Properties of FF in PFp Cells with Goal-selective Feedback Period Activity
Figure 2A provides an example of a PFp neuron that showed goal-selective activity during the feedback period. Its mean firing rate, recorded during the visually cued task, was significantly higher during the feedback period for the left goal than for the right goal (two-way ANOVA, p < .001). However, FF was nearly at the baseline for both right and left goals during the feedback period, and there was no significant difference between left and right goals. Thus, as reported previously (Chang, Armstrong, & Moore, 2012; Churchland et al., 2010), FF behaved differently than the mean firing rate.
The cell in Figure 2B, recorded during the fluid-reward cued task, showed similar tendency. Although the mean firing rate during the feedback period was significantly different between left and right goals (two-way ANOVA, p < .001), FF was not significantly different.
To examine whether such a trend is present among the population of sampled neurons, we then plotted the population-level profile for the PFp cells that had goal selectivity during the feedback period (Figure 3). The goal choice that was associated with higher and lower firing rates was designated as preferred and antipreferred, respectively, and the population means for both firing rate (Figure 3A) and FF (Figure 3B) were computed separately for preferred and antipreferred goals, based on firing rate. The tendency observed in the single-cell examples (Figure 2) was replicated at the population level. Whereas the firing rate was clearly different between preferred and antipreferred responses during the feedback time (a necessary consequence of selecting goal-selective PFp cells for this analysis; Figure 3A), FF showed a similar level for the two goals (Figure 3B). Viewed across task periods, FF showed a slight decrease during the feedback period regardless of the cell's firing rate encoding of the chosen goal, although this decrease did not go beyond the bracket of 95% confidence in any other task periods.

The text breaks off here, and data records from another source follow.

(* Let $p(x)=\sum_k a_{2k}x^{2k}\in\mathbb{Q}[x]$ have only even powers of $x$. Let $R=\mathbb{Q}[x_a,x_b,x_c,x_d]/(x_a+x_b-x_c-x_d)$, $w=p(x_c)+p(x_d)-p(x_a)-p(x_b)$, and let $\bar\cdot:R\to R$ be the ring homomorphism with $\bar x_a=-x_b$, $\bar x_b=-x_a$, $\bar x_c=-x_d$, $\bar x_d=-x_c$; applying it to the entries of maps induces an endofunctor $\bar\cdot$ of $\mathrm{hmf}_2$ which is the identity on objects and an involution on morphisms. Let $\mathcal F$ be the grading shift functor $\{2\}$ and $\mathcal G$ the identity functor on $\mathrm{hmf}_2$, and let $f:\mathcal F\to\mathcal G$ be the natural transformation given on each object by multiplication by $x_a+x_b$. Then there is an operation $\partial:\mathrm{Hom}_{\mathrm{hmf}_2}(A,B)\to\mathrm{Hom}_{\mathrm{hmf}_2}(\mathcal G A,\mathcal F B)$ such that $\mathcal C=\mathrm{hmf}_2$, $\mathcal F,\mathcal G,\bar\cdot,f,\partial$ satisfy: (1) $\partial$ is $\mathbb{Z}$-linear; (2) $\mathcal G(\phi-\bar\phi)=f_B\,\partial\phi$ and $\mathcal F(\phi-\bar\phi)=\partial\phi\,f_A$ for all $\phi\in\mathrm{Hom}(A,B)$; (3) $\partial(\psi\phi)=\partial\psi\,\mathcal G\phi+\mathcal F\bar\psi\,\partial\phi=\partial\psi\,\mathcal G\bar\phi+\mathcal F\psi\,\partial\phi$ for composable $\phi,\psi$.
   Context: Matrix factorizations over a graded commutative $\mathbb{Q}$-algebra $R$ with homogeneous potential $w$: free graded $C=C^0\oplus C^1$ with $d^0:C^0\to C^1$, $d^1:C^1\to C^0$ of $q$-degree $\deg(w)/2$, $d^1d^0=w=d^0d^1$; $\mathrm{hmf}_w(R)$ is the homotopy category (degree-0 morphisms modulo homotopy); $\{k\}$ is a $q$-shift (if $p$ is not homogeneous, $q$-gradings are ignored). For $uv=w$, $K(u;v)$ has $C^0=R$, $C^1=R\{(\deg v-\deg u)/2\}$, $d^0=u$, $d^1=v$. With $n+1=\deg p$, $v_1=x_c-x_a$, $v_2=(x_c-x_a)(x_c-x_b)$, set $C_p(D_r)=K(w/v_1;v_1)\{n-1\}$ and $C_p(D_s)=K(w/v_2;v_2)\{-1\}$ (the complexes of an oriented smoothing and a singular crossing). $\mathrm{hmf}_2$ is the full subcategory of $\mathrm{hmf}_w(R)$ whose objects are finite direct sums of shifts (in $q$-grading and $\mathbb{Z}/2$-grading) of $C_p(D_r)$ and $C_p(D_s)$. *)

theory Defs
  imports "HOL-Computational_Algebra.Polynomial" "Jordan_Normal_Form.Matrix"
begin

text \<open>R is modelled via the canonical isomorphism R = Q[x_a,x_b,x_c] (x_d := x_a+x_b-x_c),
  realised as nested univariate polynomials: innermost variable x_a, then x_b, outermost x_c.\<close>

type_synonym R = "rat poly poly poly"

definition emb :: "rat \<Rightarrow> R" where "emb c = [:[:[:c:]:]:]"

definition xa :: R where "xa = [:[:[:0, 1:]:]:]"
definition xb :: R where "xb = [:[:0, 1:]:]"
definition xc :: R where "xc = [:0, 1:]"
definition xd :: R where "xd = xa + xb - xc"

definition peval :: "rat poly \<Rightarrow> R \<Rightarrow> R" where
  "peval p r = poly (map_poly emb p) r"

text \<open>substitution x_a := a, x_b := b, x_c := c (an R-algebra endomorphism of Q[x_a,x_b,x_c])\<close>
definition ev3 :: "R \<Rightarrow> R \<Rightarrow> R \<Rightarrow> R \<Rightarrow> R" where
  "ev3 r a b c = poly (map_poly (\<lambda>q. poly (map_poly (\<lambda>s. poly (map_poly emb s) a) q) b) r) c"

text \<open>the involution bar: x_a -> -x_b, x_b -> -x_a, x_c -> -x_d (hence x_d -> -x_c)\<close>
definition rbar :: "R \<Rightarrow> R" where "rbar r = ev3 r (- xb) (- xa) (- xd)"

definition wpot :: "rat poly \<Rightarrow> R" where
  "wpot p = peval p xc + peval p xd - peval p xa - peval p xb"

definition v1 :: R where "v1 = xc - xa"
definition v2 :: R where "v2 = (xc - xa) * (xc - xb)"

text \<open>q-grading: deg x_a = deg x_b = deg x_c = deg x_d = 2. An element is homogeneous of
  q-degree d if all its monomials have q-degree d (0 is homogeneous of every degree).\<close>
definition ishom :: "R \<Rightarrow> int \<Rightarrow> bool" where
  "ishom r d = (\<forall>i j k. coeff (coeff (coeff r i) j) k \<noteq> 0 \<longrightarrow> int (2 * (i + j + k)) = d)"

text \<open>p is homogeneous (deg x = 2) iff it has at most one nonzero coefficient\<close>
definition p_homogeneous :: "rat poly \<Rightarrow> bool" where
  "p_homogeneous p = (\<exists>m. \<forall>k. coeff p k \<noteq> 0 \<longrightarrow> k = m)"

text \<open>A free graded matrix factorization: C^0 = sum of R{g} for g in gens0, C^1 likewise
  (the generator of R{k} sits in q-degree k), d^0 : C^0 -> C^1, d^1 : C^1 -> C^0 as matrices.\<close>
record mf =
  gens0 :: "int list"
  gens1 :: "int list"
  dif0 :: "R mat"
  dif1 :: "R mat"

definition Kmf :: "R \<Rightarrow> R \<Rightarrow> int \<Rightarrow> int \<Rightarrow> mf" where
  "Kmf u v k0 k1 = \<lparr>gens0 = [k0], gens1 = [k1], dif0 = mat 1 1 (\<lambda>_. u), dif1 = mat 1 1 (\<lambda>_. v)\<rparr>"

definition nn :: "rat poly \<Rightarrow> int" where "nn p = int (degree p) - 1"

text \<open>C_p(D_r) = K(w/v1; v1){n-1}: C^0 = R{n-1}, C^1 = R{(deg v1 - deg(w/v1))/2 + n - 1} = R{0}\<close>
definition CDr :: "rat poly \<Rightarrow> mf" where
  "CDr p = Kmf (wpot p div v1) v1 (nn p - 1) 0"

text \<open>C_p(D_s) = K(w/v2; v2){-1}: C^0 = R{-1}, C^1 = R{(deg v2 - deg(w/v2))/2 - 1} = R{2-n}\<close>
definition CDs :: "rat poly \<Rightarrow> mf" where
  "CDs p = Kmf (wpot p div v2) v2 (-1) (2 - nn p)"

definition qshift :: "int \<Rightarrow> mf \<Rightarrow> mf" where
  "qshift k C = C\<lparr>gens0 := map (\<lambda>d. d + k) (gens0 C), gens1 := map (\<lambda>d. d + k) (gens1 C)\<rparr>"

definition zshift :: "mf \<Rightarrow> mf" where
  "zshift C = \<lparr>gens0 = gens1 C, gens1 = gens0 C, dif0 = - dif1 C, dif1 = - dif0 C\<rparr>"

definition dsum :: "mf \<Rightarrow> mf \<Rightarrow> mf" where
  "dsum C D = \<lparr>gens0 = gens0 C @ gens0 D, gens1 = gens1 C @ gens1 D,
     dif0 = four_block_mat (dif0 C) (0\<^sub>m (length (gens1 C)) (length (gens0 D)))
                           (0\<^sub>m (length (gens1 D)) (length (gens0 C))) (dif0 D),
     dif1 = four_block_mat (dif1 C) (0\<^sub>m (length (gens0 C)) (length (gens1 D)))
                           (0\<^sub>m (length (gens0 D)) (length (gens1 C))) (dif1 D)\<rparr>"

definition zero_mf :: mf where
  "zero_mf = \<lparr>gens0 = [], gens1 = [], dif0 = 0\<^sub>m 0 0, dif1 = 0\<^sub>m 0 0\<rparr>"

text \<open>a summand: (singular?, Z/2-shifted?, q-shift)\<close>
datatype smd = Smd bool bool int

fun summand :: "rat poly \<Rightarrow> smd \<Rightarrow> mf" where
  "summand p (Smd s z k) = (if z then zshift else id) (qshift k (if s then CDs p else CDr p))"

fun mfobj :: "rat poly \<Rightarrow> smd list \<Rightarrow> mf" where
  "mfobj p [] = zero_mf"
| "mfobj p (x # xs) = dsum (summand p x) (mfobj p xs)"

definition in_hmf2 :: "rat poly \<Rightarrow> mf \<Rightarrow> bool" where
  "in_hmf2 p C = (\<exists>xs. C = mfobj p xs)"

type_synonym mor = "R mat \<times> R mat"

text \<open>degree-0 morphisms of matrix factorizations (grading ignored when p is not homogeneous)\<close>
definition ismor :: "rat poly \<Rightarrow> mf \<Rightarrow> mf \<Rightarrow> mor \<Rightarrow> bool" where
  "ismor p C D \<phi> =
    (fst \<phi> \<in> carrier_mat (length (gens0 D)) (length (gens0 C)) \<and>
     snd \<phi> \<in> carrier_mat (length (gens1 D)) (length (gens1 C)) \<and>
     dif0 D * fst \<phi> = snd \<phi> * dif0 C \<and>
     dif1 D * snd \<phi> = fst \<phi> * dif1 C \<and>
     (p_homogeneous p \<longrightarrow>
       (\<forall>i < length (gens0 D). \<forall>j < length (gens0 C).
          ishom (fst \<phi> $$ (i, j)) (gens0 C ! j - gens0 D ! i)) \<and>
       (\<forall>i < length (gens1 D). \<forall>j < length (gens1 C).
          ishom (snd \<phi> $$ (i, j)) (gens1 C ! j - gens1 D ! i))))"

definition htpy :: "mf \<Rightarrow> mf \<Rightarrow> mor \<Rightarrow> mor \<Rightarrow> bool" where
  "htpy C D \<phi> \<psi> =
    (\<exists>h0 h1. h0 \<in> carrier_mat (length (gens1 D)) (length (gens0 C)) \<and>
             h1 \<in> carrier_mat (length (gens0 D)) (length (gens1 C)) \<and>
             fst \<phi> - fst \<psi> = dif1 D * h0 + h1 * dif0 C \<and>
             snd \<phi> - snd \<psi> = dif0 D * h1 + h0 * dif1 C)"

The firing rate of the PFp cells was not different between stay and shift trials, and our analysis also did not reveal any significant difference (i.e., not beyond the bracket of 95% confidence interval) in FF or between stay and shift trials. This was the case in both cue and delay periods and in visually cued and fluid-reward cued tasks.
Because FF did not differ significantly for the two goals (nor for strategies), data for subsequent analyses were collapsed across goals.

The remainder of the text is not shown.